Now that Forrest has been officially anointed as an Avatar of Nature or some such crap, we can (thank goodness!) move on. So we cut to MacGruder’s helicopter, still searching for the missing Forrest. Spying the Eskimo village, they descend. Yes, it’s time for another outrage, so that the audience remembers how these are the "bad guys." (Apparently Seagal doesn’t much trust his core audience’s ability to follow a plot. Which, when you think about it…) Sure enough, they find Forrest’s clothes and begin pushing everyone around. Masu is rapped on the head with a gun, and the Wise Elder is shot by MacGruder. This, of course, is supposed to shock us ("Oh, no! Not the Wise Elder!"). But I mean, c’mon, this guy’s death was as preordained as Hugh the sidekick’s. Did anybody watching this film not know that this guy was destined to get blown away, as further evidence of the bad guys, well, badness? Also, in case anyone doesn’t get where the Plot-o-matic 2000™ is going with this, they’ve now set up a "motive" for Masu to join in on the action later in the film ("I will watch you die," she tells MacGruder. Does anyone doubt that she will?)

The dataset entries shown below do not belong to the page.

(* For the graph orientation problem on bipartite graphs with arbitrary query costs, \textsc{BestVC} is $\frac43$-competitive, i.e., $\mathbb E[\textsc{BestVC}]\le\frac43\mathbb E[\mathrm{OPT}]$ for every such instance.
   Context: An instance of the graph orientation problem consists of a graph $G=(V,E)$ and, for each vertex $v$, a query cost $c_v\ge0$ and a continuous distribution $d_v$ with minimal support interval $I_v=(\ell_v,r_v)$; it is assumed that for each edge the two intervals intersect and neither contains the other. Weights $w_v\sim d_v$ are independent and querying $v$ reveals $w_v$ at cost $c_v$. For a realization, $Q$ is a feasible query set if knowing $w_u$ for $u\in Q$ and only the intervals for unqueried vertices suffices to identify, for every edge, its endpoint of minimum weight; $\mathbb E[\mathrm{OPT}]$ is the expected minimum cost of a feasible query set. A vertex is mandatory if it belongs to every feasible query set; $p_v$ is the probability that $v$ is mandatory. A vertex cover-based algorithm first queries a vertex cover $VC$ of $G$ and then queries all vertices of $V\setminus VC$ that are mandatory; its expected cost is $\sum_{v\in V}p_vc_v+\sum_{v\in VC}(1-p_v)c_v$. \textsc{BestVC} is the vertex cover-based algorithm whose vertex cover $VC$ minimizes $\sum_{v\in VC}(1-p_v)c_v$ among all vertex covers of $G$. *)

theory Defs
  imports "HOL-Probability.Probability"
begin
lemma integrable_component: "i < N \<Longrightarrow> integrable M (\<lambda>x. u x i)"
proof (rule Bochner_Integration.integrable_bound)
  show "integrable M (\<lambda>x. 1 + vnorm N (u x) powr (\<alpha> * p))" using u_integrable by auto
  show "i < N \<Longrightarrow> AE x in M. norm (u x i) \<le> norm (1 + vnorm N (u x) powr (\<alpha> * p))"
    using abs_le_vnorm[of i N] vnorm_le_one_plus by (intro AE_I2) (smt (verit) powr_ge_zero real_norm_def)
qed (use u_measurable in auto)

lemma integrable_vnorm_diff: "integrable M (\<lambda>x. vnorm N (\<lambda>i. u x i - a i))"
proof (rule Bochner_Integration.integrable_bound)
  show "integrable M (\<lambda>x. 1 + vnorm N (u x) powr (\<alpha> * p) + vnorm N a)" using u_integrable by auto
  show "AE x in M. norm (vnorm N (\<lambda>i. u x i - a i)) \<le> norm (1 + vnorm N (u x) powr (\<alpha> * p) + vnorm N a)"
    using vnorm_diff_le[of N "u _" a] vnorm_le_one_plus
    by (intro AE_I2) (smt (verit) powr_ge_zero real_norm_def vnorm_nonneg)
qed (use u_measurable in measurable)

lemma vnorm_vaverage_diff_le:
  "vnorm N (\<lambda>i. vaverage M N u i - a i) \<le> average M (\<lambda>x. vnorm N (\<lambda>i. u x i - a i))"
proof -
  define \<mu> where "\<mu> = measure M (space M)"
  have "vnorm N (\<lambda>i. vaverage M N u i - a i) = vnorm N (\<lambda>i. (1 / \<mu>) * (\<integral>x. u x i - a i \<partial>M))"
  proof (rule vnorm_cong)
    fix i assume "i < N"
    then show "vaverage M N u i - a i = (1 / \<mu>) * (\<integral>x. u x i - a i \<partial>M)"
      using integrable_component[of i] space_pos
      by (simp add: vaverage_def average_def \<mu>_def Bochner_Integration.integral_diff field_simps)
  qed
  also have "\<dots> = (1 / \<mu>) * vnorm N (\<lambda>i. \<integral>x. u x i - a i \<partial>M)"
    unfolding vnorm_scale using space_pos by (simp add: \<mu>_def)
  also have "\<dots> \<le> (1 / \<mu>) * (\<integral>x. vnorm N (\<lambda>i. u x i - a i) \<partial>M)"
    using space_pos integrable_component integrable_vnorm_diff
    by (intro mult_left_mono vnorm_integral_le_integral_vnorm) (auto simp: \<mu>_def)
  finally show ?thesis by (simp add: average_def \<mu>_def)
qed

lemma integrable_dev_powr: "0 < r \<Longrightarrow> r \<le> p \<Longrightarrow> integrable M (\<lambda>x. dev a x powr r)"
  using integrable_vnorm_spow_diff_powr[of p N u \<alpha> "spow N \<alpha> a"] p_ge_1 u_measurable u_integrable
  by (intro integrable_powr_le[of r p]) auto

lemma average_dev_powr_le: "0 < r \<Longrightarrow> r \<le> p \<Longrightarrow> average M (\<lambda>x. dev a x powr r) \<le> Lp_dev a powr r"
  using average_powr_le[OF space_pos, of r p "dev a"] integrable_dev_powr[of p] p_ge_1 u_measurable
  by (simp add: powr_powr)

lemma average_le_Lp_dev:
  assumes "integrable M g" "0 < \<beta>" "\<beta> \<le> p" "0 \<le> c\<^sub>1" "0 \<le> c\<^sub>2"
    and "\<And>x. g x \<le> c\<^sub>1 * dev a x powr \<beta> + c\<^sub>2 * dev a x"
  shows "average M g \<le> c\<^sub>1 * Lp_dev a powr \<beta> + c\<^sub>2 * Lp_dev a"
proof -
  have "dev a x powr 1 = dev a x" for x by simp
  then have "integrable M (dev a)" and avg1: "average M (dev a) \<le> Lp_dev a"
    using integrable_dev_powr[of 1 a] average_dev_powr_le[of 1 a] p_ge_1 by simp_all
  have "average M g \<le> average M (\<lambda>x. c\<^sub>1 * dev a x powr \<beta> + c\<^sub>2 * dev a x)"
    using assms integrable_dev_powr \<open>integrable M (dev a)\<close> by (intro average_mono) auto
  also have "\<dots> = c\<^sub>1 * average M (\<lambda>x. dev a x powr \<beta>) + c\<^sub>2 * average M (dev a)"
    using assms integrable_dev_powr \<open>integrable M (dev a)\<close> by (simp add: average_add average_mult_left)
  also have "\<dots> \<le> c\<^sub>1 * Lp_dev a powr \<beta> + c\<^sub>2 * Lp_dev a"
    using assms average_dev_powr_le avg1 by (intro add_mono mult_left_mono) auto
  finally show ?thesis .
qed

Meanwhile, Forrest is dogsledding across the tundra. Coming back to the village, he arrives (duh) just in time to see the Wise Elder before he dies. Elder gives Forrest a special amulet (oh, brother) which will guide him in his sacred task. Having given his last scripted line, the Elder immediately dies in traditional movie fashion. Back at Aegis 1, Jennings is chewing out MacGruder for killing the Elder in front of all those witnesses. This makes me wonder if there was originally a scene in the script where MacGruder’s guys go back to the village to kill all the witness. The fact that both Forrest and Masu (i.e., the only non-expendable characters) have left the village only adds to my suspicions. If so, it might have been cut due to either budgetary or running time restrictions). Now that they know that Forrest’s alive, MacGruder is ordered to start beefing up the facility’s security (so that Forrest will have that many more guys to kill during his righteous climatic rampage). Meanwhile, Masu reveals a convenient village snowmobile, hidden away for "emergencies." Forrest and Masu are soon riding into action.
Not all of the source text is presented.